AI Godfather Yoshua Bengio Warns Against AI Agents at Davos 2025

Yoshua Bengio, one of the three renowned “AI godfathers” who pioneered deep learning and neural networks, delivered a stark warning at the World Economic Forum in Davos this week about the dangers of AI agents—artificial intelligence systems capable of acting independently without human input. Bengio’s message comes at a critical juncture as AI agents have become one of the hottest topics at this year’s gathering in Switzerland.

The Canadian research scientist, whose foundational work laid the groundwork for today’s AI boom alongside Geoffrey Hinton and Yann LeCun, argued that “all of the catastrophic scenarios with AGI or superintelligence happen if we have agents.” He emphasized that achieving artificial general intelligence (AGI)—machines that can reason as well as humans—is possible without building agentic systems. According to Bengio, applications in science and medicine that people value most are non-agentic, and more powerful non-agentic systems can continue to be developed.

The timing of Bengio’s warning is particularly significant as businesses increasingly recognize the tangible return on investment offered by AI agents, which could meaningfully enter the workforce as soon as 2025. OpenAI recently unveiled an AI agent capable of surfing the web and performing tasks like booking restaurants or adding groceries to shopping carts, while Google has previewed similar capabilities.

Bengio acknowledged the challenge ahead: companies and countries will likely continue building agents regardless of warnings, driven by competitive pressures and fear of falling behind. However, he proposed solutions, including using non-agentic systems as monitors to control agentic ones, though this would require substantial investment. He also called for national regulation requiring AI companies to prove system safety before building agentic models.

During a panel discussion with Google DeepMind CEO Demis Hassabis, Bengio raised a “red flag” about AI agents, calling them “the most dangerous path.” He pointed to DeepMind’s protein folding breakthrough as an example of profound AI applications that don’t require agency. While Hassabis agreed on risk mitigation measures like cybersecurity protections and simulation testing, he noted the economic incentives driving agentic development, asking why users wouldn’t want systems that can both recommend and book restaurants automatically.

Key Quotes

All of the catastrophic scenarios with AGI or superintelligence happen if we have agents.

Yoshua Bengio stated this during his interview at Davos, emphasizing his core concern that AI agents pose the greatest existential risk as the industry moves toward artificial general intelligence.

All of the AI for science and medicine, all the things people care about, is not agentic. And we can continue building more powerful systems that are non-agentic.

Bengio made this argument to demonstrate that valuable AI applications don’t require agency, suggesting an alternative path for AI development that avoids the risks associated with autonomous systems.

I want to raise a red flag. This is the most dangerous path.

Bengio delivered this warning during a panel discussion with Google DeepMind CEO Demis Hassabis, directly confronting the audience about the risks of pursuing agentic AI development.

Unfortunately I do think there’s an economic gradient, beyond science and workers, that people want for their systems to be agentic. When you say ‘recommend me a restaurant,’ why would you not want the next step, which is, book the table.

Demis Hassabis acknowledged the commercial pressures driving agentic AI development, highlighting the practical consumer demand that makes it difficult to halt progress despite safety concerns.

Our Take

Bengio’s warning carries particular weight given his status as an AI pioneer rather than an outside critic. His distinction between agentic and non-agentic AI offers a nuanced framework that the industry desperately needs as it grapples with safety concerns. However, Hassabis’s counterpoint about economic incentives reveals the fundamental challenge: consumer demand and competitive pressures create powerful momentum toward agentic systems.

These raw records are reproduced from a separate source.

lemma pres_step_word_eval:
  assumes "pres_step T R u v" and T: "T \<subseteq> carrier G"
    and R: "\<And>r. r \<in> R \<Longrightarrow> set r \<subseteq> T \<times> UNIV \<and> word_eval G r = \<one>"
  shows "(set u \<subseteq> T \<times> UNIV \<longleftrightarrow> set v \<subseteq> T \<times> UNIV) \<and>
    (set u \<subseteq> T \<times> UNIV \<longrightarrow> word_eval G u = word_eval G v)"
  using assms(1)
proof induction
  case (cancel a x b y)
  have a: "a \<in> carrier G" using cancel T by blast
  show ?case
  proof (intro conjI impI)
    show "set (x @ [(a, b), (a, \<not> b)] @ y) \<subseteq> T \<times> UNIV \<longleftrightarrow> set (x @ y) \<subseteq> T \<times> UNIV"
      using cancel by auto
    assume "set (x @ [(a, b), (a, \<not> b)] @ y) \<subseteq> T \<times> UNIV"
    then have x: "set x \<subseteq> carrier G \<times> UNIV" and y: "set y \<subseteq> carrier G \<times> UNIV"
      using T by auto
    have "word_eval G ((a, b) # (a, \<not> b) # y) = word_eval G y"
      using a word_eval_closed[OF y] by (cases b) auto
    then show "word_eval G (x @ [(a, b), (a, \<not> b)] @ y) = word_eval G (x @ y)"
      using a x y word_eval_append[of x "(a, b) # (a, \<not> b) # y"] word_eval_append[of x y] by simp
  qed
next
  case (relator r x y)
  have r: "set r \<subseteq> T \<times> UNIV" "word_eval G r = \<one>" using R[OF relator] by auto
  show ?case
  proof (intro conjI impI)
    show "set (x @ r @ y) \<subseteq> T \<times> UNIV \<longleftrightarrow> set (x @ y) \<subseteq> T \<times> UNIV"
      using r by auto
    assume "set (x @ r @ y) \<subseteq> T \<times> UNIV"
    then have "set x \<subseteq> carrier G \<times> UNIV" "set r \<subseteq> carrier G \<times> UNIV" "set y \<subseteq> carrier G \<times> UNIV"
      using T by auto
    then show "word_eval G (x @ r @ y) = word_eval G (x @ y)"
      using r word_eval_append[of x "r @ y"] word_eval_append[of r y] word_eval_append[of x y]
        word_eval_closed[of y] by simp
  qed
qed
(* Let $G$ be a mirror graph and let $A\le\mathrm{Aut}(G)$ be the subgroup generated by all mirror automorphisms of $G$. Then $A$ acts regularly on $V(G)$ (transitively, with trivial vertex stabilizers). Consequently, for any vertex $v$ with neighbours $v_1,\dots,v_k$, $G\cong\mathrm{Cay}(A,\{\alpha_{vv_1},\dots,\alpha_{vv_k}\})$.
   Context: A mirror graph is a finite connected simple graph $G$ admitting a partition $\{E_1,\dots,E_k\}$ of its edges such that for every $i$ there is an automorphism $\alpha_i$ swapping the endpoints of every edge of $E_i$, with $G-E_i$ having exactly two components that $\alpha_i$ maps isomorphically onto each other. Mirror graphs are partial cubes whose mirror partition is the partition into $\Theta$-classes ($ab\,\Theta\,xy$ iff $d(a,x)+d(b,y)\neq d(a,y)+d(b,x)$). For an edge $xy$, the mirror automorphism $\alpha_{xy}$ is the unique automorphism swapping the endpoints of every edge $\Theta$-equivalent to $xy$. $\mathrm{Cay}(A,S)$ has vertex set $A$, with $\beta_1,\beta_2$ adjacent iff $\beta_1=s\beta_2$ for some $s\in S$. *)

theory Defs
  imports "HOL-Algebra.Bij" "HOL-Algebra.Generated_Groups"
begin

definition simple_graph :: "'a set \<Rightarrow> ('a \<Rightarrow> 'a \<Rightarrow> bool) \<Rightarrow> bool" where
  "simple_graph V E \<longleftrightarrow>
     (\<forall>x y. E x y \<longrightarrow> x \<in> V \<and> y \<in> V) \<and> (\<forall>x y. E x y \<longrightarrow> E y x) \<and> (\<forall>x. \<not> E x x)"

definition finite_connected_simple_graph :: "'a set \<Rightarrow> ('a \<Rightarrow> 'a \<Rightarrow> bool) \<Rightarrow> bool" where
  "finite_connected_simple_graph V E \<longleftrightarrow>
     simple_graph V E \<and> finite V \<and> V \<noteq> {} \<and> (\<forall>x\<in>V. \<forall>y\<in>V. E\<^sup>*\<^sup>* x y)"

The proposal to use non-agentic AI as monitors is intriguing but raises questions about feasibility and whether such safeguards can keep pace with rapidly advancing agent capabilities. The real test will be whether governments can implement meaningful regulation before market forces make agentic AI ubiquitous. With OpenAI and Google already launching agent products, we may be past the point of prevention and into the realm of damage control.

Why This Matters

This warning from one of AI’s most respected pioneers represents a critical inflection point for the industry. As AI agents transition from theoretical concepts to practical business tools in 2025, Bengio’s concerns highlight the tension between commercial incentives and existential risks. His call for regulation and safety measures comes as major tech companies race to deploy agentic AI systems that could fundamentally transform how businesses operate and how humans interact with technology.

The debate at Davos underscores a broader challenge facing the AI industry: balancing innovation with responsibility. With businesses already seeing ROI from AI agents and companies like OpenAI and Google launching web-browsing agents, the momentum toward agentic AI appears unstoppable. Bengio’s proposal to use non-agentic AI systems as safeguards offers a potential middle path, but requires coordinated investment and regulatory frameworks that don’t yet exist. The disagreement between Bengio and Hassabis also reveals divisions within AI leadership about whether agentic systems can be safely developed or should be avoided entirely—a debate that will shape AI development for years to come.